Photo: Andrew H. Walker/Getty Images.
Despite that fact that Rihanna sometimes goes to Wal-Mart, Mary-Kate Olsen has a Starbucks addiction, and Jay-Z listens to Grizzly Bear to zone out, they — for the most part — are not you. Celebrities operate on a different plane. Instead of Uber, Zara, and Tinder, they've got a different set of proper nouns. And, one of those nouns is a brand even the most die-hard of fashion followers are unfamiliar with (but RiRi, MK, and Hov definitely are): Hoorsenbuhs.
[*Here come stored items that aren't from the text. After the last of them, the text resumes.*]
lemma sinc_sq_shifted_eq:
  fixes u :: real
  defines "c \<equiv> pi / 2"
  assumes "u \<noteq> 0" "u\<^sup>2 \<noteq> c\<^sup>2"
  shows "(Defs.sinc u)\<^sup>2 + ((Defs.sinc (u - c))\<^sup>2 + (Defs.sinc (u + c))\<^sup>2) / 2
    = (sin u)\<^sup>2 / u\<^sup>2 + (cos u)\<^sup>2 * ((u\<^sup>2 + c\<^sup>2) / (u\<^sup>2 - c\<^sup>2)\<^sup>2)"
proof -
  have "u - c \<noteq> 0" "u + c \<noteq> 0" using assms(3) by (auto simp: power2_eq_iff)
  then have "Defs.sinc (u - c) = - cos u / (u - c)" "Defs.sinc (u + c) = cos u / (u + c)"
    by (simp_all add: sinc_nonzero c_def sin_diff sin_add)
  then have "((Defs.sinc (u - c))\<^sup>2 + (Defs.sinc (u + c))\<^sup>2) / 2
      = (cos u)\<^sup>2 * ((1 / (u - c)\<^sup>2 + 1 / (u + c)\<^sup>2) / 2)"
    by (simp add: field_simps)
  also have "1 / (u - c)\<^sup>2 + 1 / (u + c)\<^sup>2 = ((u + c)\<^sup>2 + (u - c)\<^sup>2) / ((u - c)\<^sup>2 * (u + c)\<^sup>2)"
    using \<open>u - c \<noteq> 0\<close> \<open>u + c \<noteq> 0\<close> by (simp add: field_simps)
  also have "(u + c)\<^sup>2 + (u - c)\<^sup>2 = 2 * (u\<^sup>2 + c\<^sup>2)"
    by (simp add: power2_eq_square algebra_simps)
  also have "(u - c)\<^sup>2 * (u + c)\<^sup>2 = (u\<^sup>2 - c\<^sup>2)\<^sup>2"
    by (simp add: power2_eq_square algebra_simps)
  finally have "((Defs.sinc (u - c))\<^sup>2 + (Defs.sinc (u + c))\<^sup>2) / 2
      = (cos u)\<^sup>2 * ((u\<^sup>2 + c\<^sup>2) / (u\<^sup>2 - c\<^sup>2)\<^sup>2)"
    by (simp del: distrib_left_numeral)
  then show ?thesis
    using assms(2) by (simp add: sinc_nonzero power_divide)
qed

lemma inverse_sq_le_shifted_quotient:
  fixes u c :: real
  assumes "c\<^sup>2 \<le> 3 * u\<^sup>2" "u\<^sup>2 \<noteq> c\<^sup>2"
  shows "1 / u\<^sup>2 \<le> (u\<^sup>2 + c\<^sup>2) / (u\<^sup>2 - c\<^sup>2)\<^sup>2"
proof -
  have "u\<^sup>2 > 0" using assms by (cases "u = 0") auto
  moreover have "(u\<^sup>2 - c\<^sup>2)\<^sup>2 > 0" using assms by simp
  moreover have "c\<^sup>2 * c\<^sup>2 \<le> 3 * u\<^sup>2 * c\<^sup>2" using assms by (intro mult_right_mono) auto
  then have "(u\<^sup>2 - c\<^sup>2)\<^sup>2 \<le> u\<^sup>2 * (u\<^sup>2 + c\<^sup>2)" by (simp add: power2_eq_square algebra_simps)
  ultimately show ?thesis by (simp add: divide_simps) (simp add: algebra_simps)
qed

text \<open>The case \<open>3 u\<^sup>2 \<le> (\<pi>/2)\<^sup>2\<close> of the lower bound, with \<open>v = u\<^sup>2\<close>, \<open>W = (\<pi>/2)\<^sup>2\<close>
  and \<open>s = sin\<^sup>2 u\<close>.\<close>

lemma small_argument_estimate:
  fixes v W s :: real
  assumes v: "0 < v" "3 * v \<le> W" and W: "9/4 \<le> W" "W \<le> 4"
    and s: "v * (1 - v/6)\<^sup>2 \<le> s"
  shows "3 / W \<le> s / v + (1 - s) * ((v + W) / (W - v)\<^sup>2)"
proof -
  define g where "g = (v + W) / (W - v)\<^sup>2"
  have "W - v > 0" using v W by linarith
  then have nz: "(W - v)\<^sup>2 \<noteq> 0" by simp
  have g_diff: "1 / v - g = W * (W - 3 * v) / (v * (W - v)\<^sup>2)"
  proof -
    have "1 / v - g = ((W - v)\<^sup>2 - v * (v + W)) / (v * (W - v)\<^sup>2)"
      using nz v unfolding g_def by (simp add: field_simps)
    also have "(W - v)\<^sup>2 - v * (v + W) = W * (W - 3 * v)"
      by (simp add: power2_eq_square algebra_simps)
    finally show ?thesis .
  qed
  have "1 / v - g \<ge> 0"
    unfolding g_diff using v W by (intro divide_nonneg_pos mult_nonneg_nonneg) auto
  then have "g + v * (1 - v/6)\<^sup>2 * (1 / v - g) \<le> g + s * (1 / v - g)"
    using mult_right_mono[OF s] by simp
  also have "\<dots> = s / v + (1 - s) * g" by (simp add: field_simps)
  finally have "g + v * (1 - v/6)\<^sup>2 * (1 / v - g) \<le> s / v + (1 - s) * g" .
  moreover have "g + v * (1 - v/6)\<^sup>2 * (1 / v - g)
      = (v + W + (1 - v/6)\<^sup>2 * W * (W - 3 * v)) / (W - v)\<^sup>2"
    unfolding g_diff using v nz by (simp add: g_def field_simps)
  moreover have "W\<^sup>2 * (1 - v/6)\<^sup>2 - 2 * W + v \<ge> 0"
  proof -
    have "(1 - v/6)\<^sup>2 \<ge> 1 - v/3" by (simp add: power2_eq_square algebra_simps)
    then have "W\<^sup>2 * (1 - v/6)\<^sup>2 \<ge> W\<^sup>2 * (1 - v/3)" by (intro mult_left_mono) auto
    moreover have "(9/4) * (9/4) \<le> W * W" using W by (intro mult_mono) auto
    then have "v * (1 - W\<^sup>2/3) \<ge> (W/3) * (1 - W\<^sup>2/3)"
      using v by (intro mult_right_mono_neg) (auto simp: power2_eq_square)
    moreover have "W\<^sup>2 - 2 * W + (W/3) * (1 - W\<^sup>2/3) = W * ((W - 9/4) * (4 - W) / 9 + (11 * W / 36 - 2/3))"
      by (simp add: field_simps power2_eq_square)
    moreover have "0 \<le> W * ((W - 9/4) * (4 - W) / 9 + (11 * W / 36 - 2/3))"
      using W by (intro mult_nonneg_nonneg add_nonneg_nonneg) auto
    moreover have "W\<^sup>2 * (1 - v/3) - 2 * W + v = W\<^sup>2 - 2 * W + v * (1 - W\<^sup>2/3)"
      by (simp add: algebra_simps)
    ultimately show ?thesis by linarith
  qed
  then have "3 * (W - v)\<^sup>2 \<le> W * (v + W + (1 - v/6)\<^sup>2 * W * (W - 3 * v))"
    using v mult_nonneg_nonneg[of "W - 3 * v" "W\<^sup>2 * (1 - v/6)\<^sup>2 - 2 * W + v"]
    by (simp add: algebra_simps power2_eq_square)
  then have "3 / W \<le> (v + W + (1 - v/6)\<^sup>2 * W * (W - 3 * v)) / (W - v)\<^sup>2"
    using nz W by (simp add: divide_simps) (simp add: algebra_simps)
  ultimately show ?thesis unfolding g_def by linarith
qed

lemma sinc_sq_shifted_lower_bound:
  fixes u :: real
  shows "4 / max (4 * u\<^sup>2) (pi\<^sup>2 / 3)
    \<le> (Defs.sinc u)\<^sup>2 + ((Defs.sinc (u - pi / 2))\<^sup>2 + (Defs.sinc (u + pi / 2))\<^sup>2) / 2"
    (is "_ \<le> ?B")
proof -
  define c where "c = pi / 2"
  have c2: "c\<^sup>2 = pi\<^sup>2 / 4" by (simp add: c_def power_divide)
  have "0 \<le> ((Defs.sinc (u - pi / 2))\<^sup>2 + (Defs.sinc (u + pi / 2))\<^sup>2) / 2" by simp
  then have B_ge: "(Defs.sinc u)\<^sup>2 \<le> ?B" by linarith
  consider "u = 0" | "u\<^sup>2 = c\<^sup>2" | "u \<noteq> 0" "u\<^sup>2 \<noteq> c\<^sup>2" by blast
  then show ?thesis
  proof cases
    case 1
    have "4 / (pi\<^sup>2 / 3) \<le> 1 + ((2 / pi)\<^sup>2 + (2 / pi)\<^sup>2) / 2"
      using pi_squared_bounds by (simp add: field_simps power2_eq_square)
    then show ?thesis using 1 by (simp add: Defs.sinc_def)
  next
    case 2
    then have "u = c \<or> u = - c" by (simp add: power2_eq_iff)
    then have "(sin u)\<^sup>2 = 1" unfolding c_def by (metis power2_minus sin_minus sin_pi_half one_power2)
    then have "(Defs.sinc u)\<^sup>2 = 1 / u\<^sup>2" using 2 by (auto simp: Defs.sinc_def power_divide c_def)
    moreover have "4 / max (4 * u\<^sup>2) (pi\<^sup>2 / 3) \<le> 4 / (4 * u\<^sup>2)"
      using 2 by (intro divide_left_mono) (auto simp: c_def less_max_iff_disj)
    moreover have "4 / (4 * u\<^sup>2) = 1 / u\<^sup>2" by simp
    ultimately show ?thesis using B_ge by linarith
  next
    case 3
    define q where "q = (u\<^sup>2 + c\<^sup>2) / (u\<^sup>2 - c\<^sup>2)\<^sup>2"
    have B_eq: "?B = (sin u)\<^sup>2 / u\<^sup>2 + (cos u)\<^sup>2 * q"
      using sinc_sq_shifted_eq[of u] 3 by (simp add: c_def q_def)
    show ?thesis
    proof (cases "c\<^sup>2 \<le> 3 * u\<^sup>2")
      case True
      have "(cos u)\<^sup>2 * (1 / u\<^sup>2) \<le> (cos u)\<^sup>2 * q"
        unfolding q_def using True 3 by (intro mult_left_mono inverse_sq_le_shifted_quotient) auto
      moreover have "(sin u)\<^sup>2 / u\<^sup>2 + (cos u)\<^sup>2 * (1 / u\<^sup>2) = 1 / u\<^sup>2"
        by (simp add: add_divide_distrib[symmetric])
      moreover have "max (4 * u\<^sup>2) (pi\<^sup>2 / 3) = 4 * u\<^sup>2" using True c2 by simp
      ultimately show ?thesis unfolding B_eq by simp
    next
      case False
      have "u\<^sup>2 \<le> 6" "c\<^sup>2 \<le> 4" "9/4 \<le> c\<^sup>2" using False c2 pi_squared_bounds by auto
      then have "3 / c\<^sup>2 \<le> (sin u)\<^sup>2 / u\<^sup>2 + (1 - (sin u)\<^sup>2) * ((u\<^sup>2 + c\<^sup>2) / (c\<^sup>2 - u\<^sup>2)\<^sup>2)"
        using False 3 sin_sq_ge[of u] by (intro small_argument_estimate) auto
      also have "\<dots> = ?B"
        unfolding B_eq q_def by (simp add: power2_commute cos_squared_eq)
      also have "3 / c\<^sup>2 = 4 / max (4 * u\<^sup>2) (pi\<^sup>2 / 3)" using False by (simp add: c2)
      finally show ?thesis .
    qed
  qed
qed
The fine jewelry label was started in 2005 by Robert G. Keith, who brought on his good friend, Kether Parker, to co-run the L.A.-based brand that's quietly become a go-to for the rich and famous. Hoorsenbuhs operates at that price point that sometimes induces nosebleeds (the brand's most popular ring shape, the Phantom, starts at $3,800). And unlike other heritage labels, like Cartier or Tiffany's, whose pieces can also reach four and five digits, Hoorsenbuhs relishes in the indiscreet. Its pieces are big, bold, and gold — and according to Parker, created for those who want "a bit of a pirate experience where there's a bunch of jewelry on the table, and you have the freedom to play."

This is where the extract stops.